SOURCE RECORDS:
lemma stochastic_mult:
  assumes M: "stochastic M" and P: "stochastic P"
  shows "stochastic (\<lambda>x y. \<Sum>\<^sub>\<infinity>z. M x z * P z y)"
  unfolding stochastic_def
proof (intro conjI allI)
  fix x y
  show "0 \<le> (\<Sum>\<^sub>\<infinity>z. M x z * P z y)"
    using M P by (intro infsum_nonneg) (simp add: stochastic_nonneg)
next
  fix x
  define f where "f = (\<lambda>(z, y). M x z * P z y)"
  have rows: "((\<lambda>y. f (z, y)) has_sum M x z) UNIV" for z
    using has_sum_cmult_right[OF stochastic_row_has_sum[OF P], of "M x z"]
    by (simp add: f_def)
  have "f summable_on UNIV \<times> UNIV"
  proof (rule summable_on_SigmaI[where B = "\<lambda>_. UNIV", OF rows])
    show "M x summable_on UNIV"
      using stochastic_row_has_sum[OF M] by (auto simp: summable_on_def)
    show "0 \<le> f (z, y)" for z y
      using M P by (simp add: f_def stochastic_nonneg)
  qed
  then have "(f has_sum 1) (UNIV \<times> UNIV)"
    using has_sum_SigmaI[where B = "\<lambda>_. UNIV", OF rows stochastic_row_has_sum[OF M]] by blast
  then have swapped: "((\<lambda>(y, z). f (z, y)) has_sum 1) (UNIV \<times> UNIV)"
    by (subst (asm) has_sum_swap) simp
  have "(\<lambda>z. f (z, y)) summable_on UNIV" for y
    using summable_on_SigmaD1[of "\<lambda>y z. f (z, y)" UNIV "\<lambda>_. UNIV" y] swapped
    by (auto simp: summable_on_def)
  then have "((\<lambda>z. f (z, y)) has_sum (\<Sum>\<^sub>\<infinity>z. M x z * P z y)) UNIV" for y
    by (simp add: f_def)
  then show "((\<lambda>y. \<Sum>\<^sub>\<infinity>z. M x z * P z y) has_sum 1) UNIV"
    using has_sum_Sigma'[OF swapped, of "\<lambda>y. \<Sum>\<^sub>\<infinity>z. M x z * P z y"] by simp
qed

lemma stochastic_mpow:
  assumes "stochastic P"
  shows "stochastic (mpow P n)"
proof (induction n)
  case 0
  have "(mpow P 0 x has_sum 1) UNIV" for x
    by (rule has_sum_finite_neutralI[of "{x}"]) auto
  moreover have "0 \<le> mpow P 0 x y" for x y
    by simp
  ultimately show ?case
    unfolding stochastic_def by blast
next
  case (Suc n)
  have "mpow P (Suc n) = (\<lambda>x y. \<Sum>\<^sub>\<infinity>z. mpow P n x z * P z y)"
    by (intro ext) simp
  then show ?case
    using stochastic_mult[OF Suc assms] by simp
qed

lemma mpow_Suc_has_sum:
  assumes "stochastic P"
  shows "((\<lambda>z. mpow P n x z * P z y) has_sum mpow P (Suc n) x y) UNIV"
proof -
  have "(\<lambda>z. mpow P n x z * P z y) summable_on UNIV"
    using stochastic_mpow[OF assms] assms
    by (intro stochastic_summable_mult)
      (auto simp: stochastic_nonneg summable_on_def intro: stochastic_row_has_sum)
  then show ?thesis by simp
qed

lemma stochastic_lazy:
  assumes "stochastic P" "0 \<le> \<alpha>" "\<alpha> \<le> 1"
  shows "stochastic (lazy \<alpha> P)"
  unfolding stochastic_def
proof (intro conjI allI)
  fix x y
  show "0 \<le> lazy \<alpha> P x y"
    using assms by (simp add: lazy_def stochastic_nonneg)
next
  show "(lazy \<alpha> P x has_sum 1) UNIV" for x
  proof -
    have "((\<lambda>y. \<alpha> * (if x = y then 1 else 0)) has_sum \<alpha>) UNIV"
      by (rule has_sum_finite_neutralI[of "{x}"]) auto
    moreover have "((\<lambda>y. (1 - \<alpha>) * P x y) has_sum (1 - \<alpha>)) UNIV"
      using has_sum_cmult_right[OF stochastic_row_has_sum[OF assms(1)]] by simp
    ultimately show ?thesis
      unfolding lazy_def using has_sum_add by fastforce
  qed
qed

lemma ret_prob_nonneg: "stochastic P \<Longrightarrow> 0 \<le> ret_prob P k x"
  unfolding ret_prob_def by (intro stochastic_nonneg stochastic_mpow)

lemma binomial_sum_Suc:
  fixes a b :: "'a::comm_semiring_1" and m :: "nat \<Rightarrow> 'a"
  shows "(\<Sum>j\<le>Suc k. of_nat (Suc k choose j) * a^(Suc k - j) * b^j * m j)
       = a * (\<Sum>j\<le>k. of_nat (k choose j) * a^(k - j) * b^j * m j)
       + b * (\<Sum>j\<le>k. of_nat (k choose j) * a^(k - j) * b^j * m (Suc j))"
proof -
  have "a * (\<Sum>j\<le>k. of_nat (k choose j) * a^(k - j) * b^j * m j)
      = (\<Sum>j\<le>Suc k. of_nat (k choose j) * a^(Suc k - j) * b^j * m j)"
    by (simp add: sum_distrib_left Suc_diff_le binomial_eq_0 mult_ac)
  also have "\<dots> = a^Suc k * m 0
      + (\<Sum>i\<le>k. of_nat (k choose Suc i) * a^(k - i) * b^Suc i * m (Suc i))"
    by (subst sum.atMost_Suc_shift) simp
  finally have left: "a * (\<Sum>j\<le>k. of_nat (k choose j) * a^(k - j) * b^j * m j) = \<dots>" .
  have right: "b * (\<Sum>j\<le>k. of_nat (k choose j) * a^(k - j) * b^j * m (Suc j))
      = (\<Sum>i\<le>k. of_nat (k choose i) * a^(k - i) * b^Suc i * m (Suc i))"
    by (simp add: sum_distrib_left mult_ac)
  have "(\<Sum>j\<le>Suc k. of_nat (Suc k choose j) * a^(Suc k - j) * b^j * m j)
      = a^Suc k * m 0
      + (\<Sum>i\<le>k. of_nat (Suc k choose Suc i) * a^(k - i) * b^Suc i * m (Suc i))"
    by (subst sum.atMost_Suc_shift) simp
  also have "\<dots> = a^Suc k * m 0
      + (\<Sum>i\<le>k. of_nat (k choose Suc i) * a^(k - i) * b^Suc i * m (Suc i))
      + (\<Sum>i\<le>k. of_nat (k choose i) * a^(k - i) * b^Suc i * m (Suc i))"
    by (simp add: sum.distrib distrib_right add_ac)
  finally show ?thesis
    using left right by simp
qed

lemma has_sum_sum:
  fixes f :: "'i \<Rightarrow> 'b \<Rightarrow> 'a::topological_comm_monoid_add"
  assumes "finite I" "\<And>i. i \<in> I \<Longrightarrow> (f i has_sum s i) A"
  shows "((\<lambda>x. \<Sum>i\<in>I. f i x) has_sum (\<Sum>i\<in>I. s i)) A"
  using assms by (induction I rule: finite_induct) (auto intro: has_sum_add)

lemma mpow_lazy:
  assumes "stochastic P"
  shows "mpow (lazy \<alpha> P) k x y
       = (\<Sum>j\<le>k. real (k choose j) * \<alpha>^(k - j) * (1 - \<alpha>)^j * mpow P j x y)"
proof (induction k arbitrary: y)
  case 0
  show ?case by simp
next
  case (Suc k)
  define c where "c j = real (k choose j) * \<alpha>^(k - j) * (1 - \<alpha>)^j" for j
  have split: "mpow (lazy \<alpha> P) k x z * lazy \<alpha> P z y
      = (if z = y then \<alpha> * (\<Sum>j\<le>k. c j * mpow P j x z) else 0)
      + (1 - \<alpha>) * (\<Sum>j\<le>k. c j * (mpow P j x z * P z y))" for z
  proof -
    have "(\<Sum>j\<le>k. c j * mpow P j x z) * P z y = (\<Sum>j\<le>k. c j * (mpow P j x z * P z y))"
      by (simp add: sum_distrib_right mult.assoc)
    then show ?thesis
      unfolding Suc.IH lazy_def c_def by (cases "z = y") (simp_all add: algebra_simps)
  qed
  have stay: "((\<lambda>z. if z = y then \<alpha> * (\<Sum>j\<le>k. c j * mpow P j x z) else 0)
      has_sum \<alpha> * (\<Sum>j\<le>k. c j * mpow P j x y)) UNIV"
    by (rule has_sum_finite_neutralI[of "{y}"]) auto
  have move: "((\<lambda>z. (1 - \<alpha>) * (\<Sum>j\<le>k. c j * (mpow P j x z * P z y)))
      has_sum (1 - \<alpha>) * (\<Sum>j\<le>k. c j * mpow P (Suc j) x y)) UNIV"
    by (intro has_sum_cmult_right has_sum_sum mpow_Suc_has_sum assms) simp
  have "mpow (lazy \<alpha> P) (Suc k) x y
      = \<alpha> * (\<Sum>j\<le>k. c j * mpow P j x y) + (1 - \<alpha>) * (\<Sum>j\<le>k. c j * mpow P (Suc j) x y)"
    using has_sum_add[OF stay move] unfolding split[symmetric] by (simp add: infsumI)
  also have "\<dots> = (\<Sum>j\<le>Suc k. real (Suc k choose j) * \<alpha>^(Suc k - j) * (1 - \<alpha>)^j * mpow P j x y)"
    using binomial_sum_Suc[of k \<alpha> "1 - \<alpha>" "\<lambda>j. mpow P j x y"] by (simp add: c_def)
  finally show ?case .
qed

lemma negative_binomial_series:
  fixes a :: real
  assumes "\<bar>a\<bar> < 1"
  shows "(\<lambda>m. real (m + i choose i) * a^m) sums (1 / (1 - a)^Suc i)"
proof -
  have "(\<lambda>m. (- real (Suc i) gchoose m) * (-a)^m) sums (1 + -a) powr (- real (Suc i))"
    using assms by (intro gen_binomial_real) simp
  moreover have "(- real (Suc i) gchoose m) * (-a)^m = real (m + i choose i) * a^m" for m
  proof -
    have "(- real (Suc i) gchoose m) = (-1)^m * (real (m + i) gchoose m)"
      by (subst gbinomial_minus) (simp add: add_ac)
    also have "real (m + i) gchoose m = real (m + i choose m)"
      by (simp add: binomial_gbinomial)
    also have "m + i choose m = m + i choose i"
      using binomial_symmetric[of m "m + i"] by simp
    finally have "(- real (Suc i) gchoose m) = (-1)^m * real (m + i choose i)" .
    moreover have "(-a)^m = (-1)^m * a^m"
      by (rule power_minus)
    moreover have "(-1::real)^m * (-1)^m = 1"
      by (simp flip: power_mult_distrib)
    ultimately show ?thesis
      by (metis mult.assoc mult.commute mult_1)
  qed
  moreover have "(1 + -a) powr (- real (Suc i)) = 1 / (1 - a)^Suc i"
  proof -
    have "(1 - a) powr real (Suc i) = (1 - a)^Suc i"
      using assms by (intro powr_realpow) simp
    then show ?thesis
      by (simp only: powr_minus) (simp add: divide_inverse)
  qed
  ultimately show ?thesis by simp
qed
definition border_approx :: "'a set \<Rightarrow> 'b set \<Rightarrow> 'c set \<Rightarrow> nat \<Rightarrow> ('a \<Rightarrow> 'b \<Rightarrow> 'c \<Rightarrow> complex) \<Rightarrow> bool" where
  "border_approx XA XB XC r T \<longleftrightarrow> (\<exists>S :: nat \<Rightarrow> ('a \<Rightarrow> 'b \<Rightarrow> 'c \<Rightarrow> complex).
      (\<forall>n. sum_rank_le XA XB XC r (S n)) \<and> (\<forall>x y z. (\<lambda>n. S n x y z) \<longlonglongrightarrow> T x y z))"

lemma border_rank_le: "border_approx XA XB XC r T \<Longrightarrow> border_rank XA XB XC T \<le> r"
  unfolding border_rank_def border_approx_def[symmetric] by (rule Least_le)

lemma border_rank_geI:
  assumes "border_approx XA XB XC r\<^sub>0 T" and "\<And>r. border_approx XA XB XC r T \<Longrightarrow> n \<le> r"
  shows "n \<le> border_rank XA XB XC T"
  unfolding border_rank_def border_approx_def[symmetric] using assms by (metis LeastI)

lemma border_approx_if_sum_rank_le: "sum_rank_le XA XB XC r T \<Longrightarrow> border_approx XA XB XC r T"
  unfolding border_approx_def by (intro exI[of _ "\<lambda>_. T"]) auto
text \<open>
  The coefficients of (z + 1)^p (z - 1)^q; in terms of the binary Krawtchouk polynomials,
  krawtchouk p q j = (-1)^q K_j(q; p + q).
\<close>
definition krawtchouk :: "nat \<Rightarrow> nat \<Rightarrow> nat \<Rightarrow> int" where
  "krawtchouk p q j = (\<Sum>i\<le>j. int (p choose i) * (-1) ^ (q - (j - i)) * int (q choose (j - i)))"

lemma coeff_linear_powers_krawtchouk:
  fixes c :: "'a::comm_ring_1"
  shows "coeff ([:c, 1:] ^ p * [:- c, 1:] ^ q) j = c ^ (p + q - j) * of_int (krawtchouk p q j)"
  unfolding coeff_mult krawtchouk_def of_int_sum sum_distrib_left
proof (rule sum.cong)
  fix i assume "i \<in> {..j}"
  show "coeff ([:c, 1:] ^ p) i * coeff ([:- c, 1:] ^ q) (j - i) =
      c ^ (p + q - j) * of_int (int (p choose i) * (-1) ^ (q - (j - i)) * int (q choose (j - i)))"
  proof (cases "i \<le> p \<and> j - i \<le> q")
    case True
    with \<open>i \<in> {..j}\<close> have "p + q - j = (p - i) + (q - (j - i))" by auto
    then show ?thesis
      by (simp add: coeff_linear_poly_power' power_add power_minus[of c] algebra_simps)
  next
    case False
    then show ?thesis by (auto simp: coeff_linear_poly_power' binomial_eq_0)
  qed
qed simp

ACTION ITEM: Go through the entries and filter for lines holding the word "open"; copy each match.

TASK RESULT:
text \<open>
    with \<open>i \<in> {..j}\<close> have "p + q - j = (p - i) + (q - (j - i))" by auto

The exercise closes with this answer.